Charles Murray, you may remember, is the author of the 1994 book, The Bell Curve, which many attacked as racist because of the connections it drew between race and intelligence. Dr. Stanger herself disagreed with many of Murray’s ideas but had invited him to campus at the request of several students who wanted to hear him speak. Dr. Stanger, appropriately, thought it would be a good way to demonstrate a “free and fair exchange of views” in her classroom. Obviously, the panel discussion never took place, to the detriment of education at Middlebury College.

These events are not uncommon. I remember receiving an explanatory letter from the president of my alma mater, Brown, in 2013, when a group of Brown students objected to a speech by Raymond Kelly because they believed he was guilty of racial profiling. The students shouted and booed so loudly when Kelly tried to speak, that the event had to be canceled. 

I remember when two students approached me when I was teaching at my community college in Maine and informed me that they could not read the book I had assigned in class. The reason they gave me was that the book presumed that the theory of evolution was correct, and they were born-again Christians and could not read something that was against their religious beliefs.

I could go on. The degree of intolerance on college campuses to contrary ideas is well-documented and unfortunate. As I replied to my students, “You don’t have to agree with everything you read or hear on campus, but you are here to be exposed to new ideas.  Besides, how can you disagree with something you don’t completely understand?” Where is a better place to be exposed to new and challenging ideas than a college campus? No one said education should be comfortable.  Confronting ideas with which you are inclined to disagree is difficult, but necessary. 

I think this controversy on college campuses reflects a larger problem with our society. People, liberal and conservative alike, do not like having to think about arguments with which they disagree. That’s why people seek out news outlets which reflect their own biases. If you only hear opinions you can enthusiastically agree with, you are necessarily uninformed. If you are not exposed to and do not thoroughly understand what your opponents are arguing, you do not really understand all sides of an issue.  You have not really earned the right to have an opinion on the subject.  
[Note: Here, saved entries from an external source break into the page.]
(* Let $f$ be a real function differentiable on the interval $a\le x\le b$, and let $m,k\in\mathbb{R}$. Then the area of the surface of revolution in $\mathbb{R}^3$ obtained by revolving the graph of $y=f(x)$, $a\le x\le b$, about the line $y=m\,x+k$ is given by $$2\pi\int_a^b \bigl|f(x)-m\,x-k\bigr|\,\sqrt{\frac{1+\bigl[f'(x)\bigr]^2}{1+m^2}}\,dx.$$
   Context: The plane $\mathbb{R}^2$ is regarded as sitting inside $\mathbb{R}^3$, and the surface of revolution is the surface swept out when the graph is rotated through a full turn about the given line (viewed as an axis in $\mathbb{R}^3$). *)

theory Defs
  imports "HOL-Analysis.Analysis"
begin

definition plane_pt :: "real \<Rightarrow> real \<Rightarrow> real^3" where
  "plane_pt x y = vector [x, y, 0]"

text \<open>Rotation by angle t of the point q about the axis through p0 with
  unit direction u (Rodrigues' rotation formula).\<close>
definition rotate_about :: "real^3 \<Rightarrow> real^3 \<Rightarrow> real \<Rightarrow> real^3 \<Rightarrow> real^3" where
  "rotate_about p0 u t q =
     p0 + cos t *\<^sub>R (q - p0) + sin t *\<^sub>R cross3 u (q - p0)
        + ((1 - cos t) * (u \<bullet> (q - p0))) *\<^sub>R u"

text \<open>The axis y = m x + k of the plane, as a line in R^3: base point and unit direction.\<close>
definition line_point :: "real \<Rightarrow> real \<Rightarrow> real^3" where
  "line_point m k = plane_pt 0 k"

definition line_dir :: "real \<Rightarrow> real^3" where
  "line_dir m = (1 / sqrt (1 + m\<^sup>2)) *\<^sub>R plane_pt 1 m"

definition revolution_surface ::
  "(real \<Rightarrow> real) \<Rightarrow> real \<Rightarrow> real \<Rightarrow> real \<Rightarrow> real \<Rightarrow> real^3" where
  "revolution_surface f m k x t =
     rotate_about (line_point m k) (line_dir m) t (plane_pt x (f x))"

definition param_surface_area ::
  "(real \<Rightarrow> real \<Rightarrow> real^3) \<Rightarrow> real \<Rightarrow> real \<Rightarrow> real \<Rightarrow> real \<Rightarrow> real" where
  "param_surface_area phi a b c d =
     integral ({a..b} \<times> {c..d})
       (\<lambda>(s, t). norm (cross3
          (vector_derivative (\<lambda>s'. phi s' t) (at s within {a..b}))
          (vector_derivative (\<lambda>t'. phi s t') (at t within {c..d}))))"

end

theory Submission
  imports Defs
begin

(* Points of the plane are written in the orthonormal frame u = line_dir m, v = axis_normal m of the
   axis, and w = u \<times> v. Rodrigues' formula rotates p0 + \<beta> u + \<rho> v into
   p0 + \<beta> u + \<rho> (cos t v + sin t w), so the surface is parametrised by the axial coordinate
   \<beta>(x) = (x + m (f x - k)) / sqrt (1 + m^2) and the signed distance
   \<rho>(x) = (f x - m x - k) / sqrt (1 + m^2) from the axis. The two partial derivatives are
   orthogonal, of lengths sqrt (\<beta>'^2 + \<rho>'^2) = sqrt (1 + f'^2) and |\<rho>|, so the area element
   does not depend on t and the double integral factors by Tonelli's theorem. As the integrand
   need not be integrable, the factorisation is done for the (possibly infinite) Lebesgue integrals
   of nonnegative Borel functions; this needs the derivative of f within [a,b] to be Borel. *)

lemma rotate_about_cylindrical:
  assumes "u \<bullet> u = 1" "u \<bullet> v = 0"
  shows "rotate_about p0 u t (p0 + \<beta> *\<^sub>R u + \<rho> *\<^sub>R v)
           = p0 + \<beta> *\<^sub>R u + \<rho> *\<^sub>R (cos t *\<^sub>R v + sin t *\<^sub>R cross3 u v)"
  using assms
  by (simp add: rotate_about_def cross_add_right cross_mult_right inner_add_right algebra_simps)

lemma norm_cross3_orthonormal_frame:
  fixes u v :: "real^3"
  assumes "norm u = 1" "norm v = 1" "u \<bullet> v = 0"
  defines "w \<equiv> cross3 u v"
  shows "norm (cross3 (A *\<^sub>R u + B *\<^sub>R (cos t *\<^sub>R v + sin t *\<^sub>R w))
                      (C *\<^sub>R (- sin t *\<^sub>R v + cos t *\<^sub>R w))) = sqrt (A\<^sup>2 + B\<^sup>2) * \<bar>C\<bar>"
proof -
  have uu: "u \<bullet> u = 1" and vv: "v \<bullet> v = 1" using assms by (simp_all add: norm_eq_1)
  have ww: "w \<bullet> w = 1"
    using norm_cross_dot[of u v] assms by (simp add: w_def power2_norm_eq_inner[symmetric])
  have uw: "u \<bullet> w = 0" and vw: "v \<bullet> w = 0"
    by (simp_all add: w_def dot_cross_self)
  define X where "X = A *\<^sub>R u + B *\<^sub>R (cos t *\<^sub>R v + sin t *\<^sub>R w)"
  define Y where "Y = C *\<^sub>R (- sin t *\<^sub>R v + cos t *\<^sub>R w)"
  have XY: "X \<bullet> Y = 0" and XX: "X \<bullet> X = A\<^sup>2 + B\<^sup>2" and YY: "Y \<bullet> Y = C\<^sup>2"
    using uu vv ww uw vw assms(3) sin_cos_squared_add3[of t]
    by (simp_all add: X_def Y_def inner_add_left inner_add_right inner_commute algebra_simps power2_eq_square)
       (simp_all flip: distrib_left)
  have "(norm (cross3 X Y))\<^sup>2 = (sqrt (A\<^sup>2 + B\<^sup>2) * \<bar>C\<bar>)\<^sup>2"
    using norm_cross_dot[of X Y] XY XX YY by (simp add: power_mult_distrib power2_norm_eq_inner)
  then show ?thesis
    unfolding X_def Y_def by (rule power2_eq_imp_eq) simp_all
qed

definition axis_normal :: "real \<Rightarrow> real^3" where
  "axis_normal m = (1 / sqrt (1 + m\<^sup>2)) *\<^sub>R plane_pt (- m) 1"

lemma sqrt_one_plus_square_mult_self: "sqrt (1 + m\<^sup>2) * sqrt (1 + m\<^sup>2) = 1 + m\<^sup>2"
  by (simp add: add_nonneg_nonneg)

lemma one_plus_square_nonzero: "1 + m\<^sup>2 \<noteq> (0::real)"
  using add_pos_nonneg[of 1 "m\<^sup>2"] by simp

lemma
  shows norm_line_dir: "norm (line_dir m) = 1"
    and norm_axis_normal: "norm (axis_normal m) = 1"
    and line_dir_inner_axis_normal: "line_dir m \<bullet> axis_normal m = 0"
proof -
  show "norm (line_dir m) = 1" "norm (axis_normal m) = 1"
    using one_plus_square_nonzero[of m]
    by (simp_all add: line_dir_def axis_normal_def plane_pt_def norm_eq_sqrt_inner inner_vec_def
        sum_3 sqrt_one_plus_square_mult_self divide_simps) (simp_all add: power2_eq_square)
  show "line_dir m \<bullet> axis_normal m = 0"
    by (simp add: line_dir_def axis_normal_def plane_pt_def inner_vec_def sum_3)
qed

lemma plane_pt_axis_coordinates:
  "plane_pt x y = line_point m k + ((x + m * (y - k)) / sqrt (1 + m\<^sup>2)) *\<^sub>R line_dir m
                                 + ((y - m * x - k) / sqrt (1 + m\<^sup>2)) *\<^sub>R axis_normal m"
  using one_plus_square_nonzero[of m]
  by (simp add: line_point_def line_dir_def axis_normal_def plane_pt_def vec_eq_iff forall_3
      sqrt_one_plus_square_mult_self divide_simps) (simp add: algebra_simps power2_eq_square)

lemma revolution_surface_cylindrical:
  "revolution_surface f m k x t = line_point m k
     + ((x + m * (f x - k)) / sqrt (1 + m\<^sup>2)) *\<^sub>R line_dir m
     + ((f x - m * x - k) / sqrt (1 + m\<^sup>2)) *\<^sub>R
         (cos t *\<^sub>R axis_normal m + sin t *\<^sub>R cross3 (line_dir m) (axis_normal m))"
  unfolding revolution_surface_def plane_pt_axis_coordinates[of x "f x" m k] add.assoc
  by (rule rotate_about_cylindrical[unfolded add.assoc])
     (simp_all add: line_dir_inner_axis_normal norm_line_dir flip: norm_eq_1)

lemma revolution_surface_area_element:
  fixes f :: "real \<Rightarrow> real"
  assumes f: "(f has_real_derivative p) (at x within {a..b})"
    and x: "a < b" "x \<in> {a..b}" and t: "c < d" "t \<in> {c..d}"
  shows "norm (cross3 (vector_derivative (\<lambda>s. revolution_surface f m k s t) (at x within {a..b}))
                      (vector_derivative (\<lambda>\<tau>. revolution_surface f m k x \<tau>) (at t within {c..d})))
           = \<bar>f x - m * x - k\<bar> * sqrt ((1 + p\<^sup>2) / (1 + m\<^sup>2))"
proof -
  define r where "r = sqrt (1 + m\<^sup>2)"
  define u where "u = line_dir m"
  define v where "v = axis_normal m"
  define w where "w = cross3 u v"
  have r: "r \<noteq> 0" "r\<^sup>2 = 1 + m\<^sup>2"
    using one_plus_square_nonzero[of m] by (simp_all add: r_def add_nonneg_nonneg)
  have surface: "revolution_surface f m k = (\<lambda>s \<tau>. line_point m k
      + ((s + m * (f s - k)) / r) *\<^sub>R u + ((f s - m * s - k) / r) *\<^sub>R (cos \<tau> *\<^sub>R v + sin \<tau> *\<^sub>R w))"
    by (intro ext) (simp add: revolution_surface_cylindrical r_def u_def v_def w_def)
  have "((\<lambda>s. revolution_surface f m k s t) has_vector_derivative
          ((1 + m * p) / r) *\<^sub>R u + ((p - m) / r) *\<^sub>R (cos t *\<^sub>R v + sin t *\<^sub>R w)) (at x within {a..b})"
    unfolding surface using f r(1)
    by (auto intro!: derivative_eq_intros simp: has_real_derivative_iff_has_vector_derivative)
  then have dx: "vector_derivative (\<lambda>s. revolution_surface f m k s t) (at x within {a..b})
      = ((1 + m * p) / r) *\<^sub>R u + ((p - m) / r) *\<^sub>R (cos t *\<^sub>R v + sin t *\<^sub>R w)"
    by (rule vector_derivative_within_closed_interval[OF x])
  have "((\<lambda>\<tau>. revolution_surface f m k x \<tau>) has_vector_derivative
          ((f x - m * x - k) / r) *\<^sub>R (- sin t *\<^sub>R v + cos t *\<^sub>R w)) (at t within {c..d})"
    unfolding surface by (auto intro!: derivative_eq_intros)
  then have dt: "vector_derivative (\<lambda>\<tau>. revolution_surface f m k x \<tau>) (at t within {c..d})
      = ((f x - m * x - k) / r) *\<^sub>R (- sin t *\<^sub>R v + cos t *\<^sub>R w)"
    by (rule vector_derivative_within_closed_interval[OF t])
  have "((1 + m * p) / r)\<^sup>2 + ((p - m) / r)\<^sup>2 = 1 + p\<^sup>2"
    using one_plus_square_nonzero[of m]
    by (simp add: power_divide r(2) divide_simps) (simp add: algebra_simps power2_eq_square)
  then have "norm (cross3 (((1 + m * p) / r) *\<^sub>R u + ((p - m) / r) *\<^sub>R (cos t *\<^sub>R v + sin t *\<^sub>R w))
                          (((f x - m * x - k) / r) *\<^sub>R (- sin t *\<^sub>R v + cos t *\<^sub>R w)))
      = sqrt (1 + p\<^sup>2) * \<bar>(f x - m * x - k) / r\<bar>"
    unfolding w_def u_def v_def
    by (subst norm_cross3_orthonormal_frame)
       (simp_all add: norm_line_dir norm_axis_normal line_dir_inner_axis_normal)
  also have "\<dots> = \<bar>f x - m * x - k\<bar> * sqrt ((1 + p\<^sup>2) / (1 + m\<^sup>2))"
    by (simp add: real_sqrt_divide r_def abs_div)
  finally show ?thesis
    unfolding dx dt .
qed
Those who have been reading this column for the past ten years will recognize my bias here. One of my major academic interests was teaching critical thinking. In order to think clearly about an issue, you have to have a clear understanding of all its aspects.  You cannot be intellectually complacent. You cannot just hang out with like-minded people and never confront difficult ideas. When you engage in honest dialogue with an intellectual or political opponent, you soon discover that he or she is not a complete idiot. You might even learn something if you come out of your comfort zone. 

Universities should obviously be places for the free and honest exchange of ideas. But so should churches, coffee shops, and workplaces. We need to do something to emerge from our tribalism, before it’s too late.